What is the number of lines in these records that hold the word "note"? Reply with that number alone.

BEGIN Data excerpts

text \<open>The transfer function numerator \<open>b\<^sup>T adj(sI - A) b\<close> of a symmetric \<open>A\<close> with orthonormal
  eigenbasis \<open>u\<^sub>k\<close>: clearing denominators in \<open>b\<^sup>T (sI - A)\<^sup>-\<^sup>1 b = \<Sum>\<^sub>k (u\<^sub>k\<^sup>T b)\<^sup>2 / (s - \<mu>\<^sub>k)\<close>.
  Proved by evaluating at every point \<open>s\<close> and applying the previous identity there.\<close>
lemma adjugate_quadratic_form:
  fixes A U :: "'a::field_char_0 mat" and b :: "'a vec"
  assumes A: "A \<in> carrier_mat n n" and sym: "transpose_mat A = A"
    and U: "U \<in> carrier_mat n n" and UUt: "U * transpose_mat U = 1\<^sub>m n"
    and ev: "\<And>k. k < n \<Longrightarrow> A *\<^sub>v col U k = \<mu> k \<cdot>\<^sub>v col U k"
    and b: "b \<in> carrier_vec n"
  defines "M \<equiv> char_poly_matrix A" and "bp \<equiv> map_vec (\<lambda>x. [:x:]) b"
  shows "(bp \<bullet> (adj_mat M *\<^sub>v bp)) * (\<Prod>k<n. [:- \<mu> k, 1:])
           = (\<Sum>k<n. [:(col U k \<bullet> b)\<^sup>2:] * (\<Prod>j\<in>{..<n}-{k}. [:- \<mu> j, 1:])) * det M"
proof (rule poly_eq_poly_eq_iff[THEN iffD1], rule ext)
  fix \<sigma> :: 'a
  have Mc: "M \<in> carrier_mat n n" unfolding M_def using A by simp
  note adj = adj_mat[OF Mc]
  have hom: "semiring_hom (\<lambda>p::'a poly. poly p \<sigma>)" by unfold_locales auto
  define Ms where "Ms = map_mat (\<lambda>p. poly p \<sigma>) M"
  define X where "X = map_mat (\<lambda>p. poly p \<sigma>) (adj_mat M)"
  have Ms: "Ms = \<sigma> \<cdot>\<^sub>m 1\<^sub>m n - A" unfolding Ms_def M_def by (rule eval_char_poly_matrix[OF A])
  have Msc: "Ms \<in> carrier_mat n n" and Xc: "X \<in> carrier_mat n n"
    unfolding Ms_def X_def using Mc adj by auto
  have MsX: "Ms * X = poly (det M) \<sigma> \<cdot>\<^sub>m 1\<^sub>m n"
  proof -
    have "Ms * X = map_mat (\<lambda>p. poly p \<sigma>) (M * adj_mat M)"
      unfolding Ms_def X_def by (rule semiring_hom.mat_hom_mult[OF hom Mc adj(1), symmetric])
    also have "\<dots> = poly (det M) \<sigma> \<cdot>\<^sub>m 1\<^sub>m n" unfolding adj(2) by (rule eq_matI) auto
    finally show ?thesis .
  qed
  note shifted = shifted_matrix_eigenbasis[OF A sym U ev, where \<sigma> = \<sigma>, folded Ms]
  have "poly (bp \<bullet> (adj_mat M *\<^sub>v bp)) \<sigma> = b \<bullet> (X *\<^sub>v b)"
  proof -
    have bpb: "map_vec (\<lambda>p. poly p \<sigma>) bp = b" unfolding bp_def by (rule eq_vecI) auto
    have bpc: "bp \<in> carrier_vec n" unfolding bp_def using b by simp
    have "poly (bp \<bullet> (adj_mat M *\<^sub>v bp)) \<sigma>
          = map_vec (\<lambda>p. poly p \<sigma>) bp \<bullet> map_vec (\<lambda>p. poly p \<sigma>) (adj_mat M *\<^sub>v bp)"
      by (rule semiring_hom.scalar_prod_hom[OF hom]) (use bpc adj in simp)
    also have "map_vec (\<lambda>p. poly p \<sigma>) (adj_mat M *\<^sub>v bp) = X *\<^sub>v b"
      unfolding X_def bpb[symmetric] by (rule semiring_hom.mult_mat_vec_hom[OF hom adj(1) bpc])
    finally show ?thesis unfolding bpb .
  qed
  moreover have "b \<bullet> (X *\<^sub>v b) * (\<Prod>k<n. \<sigma> - \<mu> k)
      = (\<Sum>k<n. (col U k \<bullet> b)\<^sup>2 * (\<Prod>j\<in>{..<n}-{k}. \<sigma> - \<mu> j)) * poly (det M) \<sigma>"
    by (rule quadratic_form_in_eigenbasis[OF Msc Xc shifted(1) MsX U UUt shifted(2) b])
  ultimately show "poly ((bp \<bullet> (adj_mat M *\<^sub>v bp)) * (\<Prod>k<n. [:- \<mu> k, 1:])) \<sigma>
      = poly ((\<Sum>k<n. [:(col U k \<bullet> b)\<^sup>2:] * (\<Prod>j\<in>{..<n}-{k}. [:- \<mu> j, 1:])) * det M) \<sigma>"
    by (simp add: poly_sum poly_prod)
qed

END Data excerpts

Exercise result:
2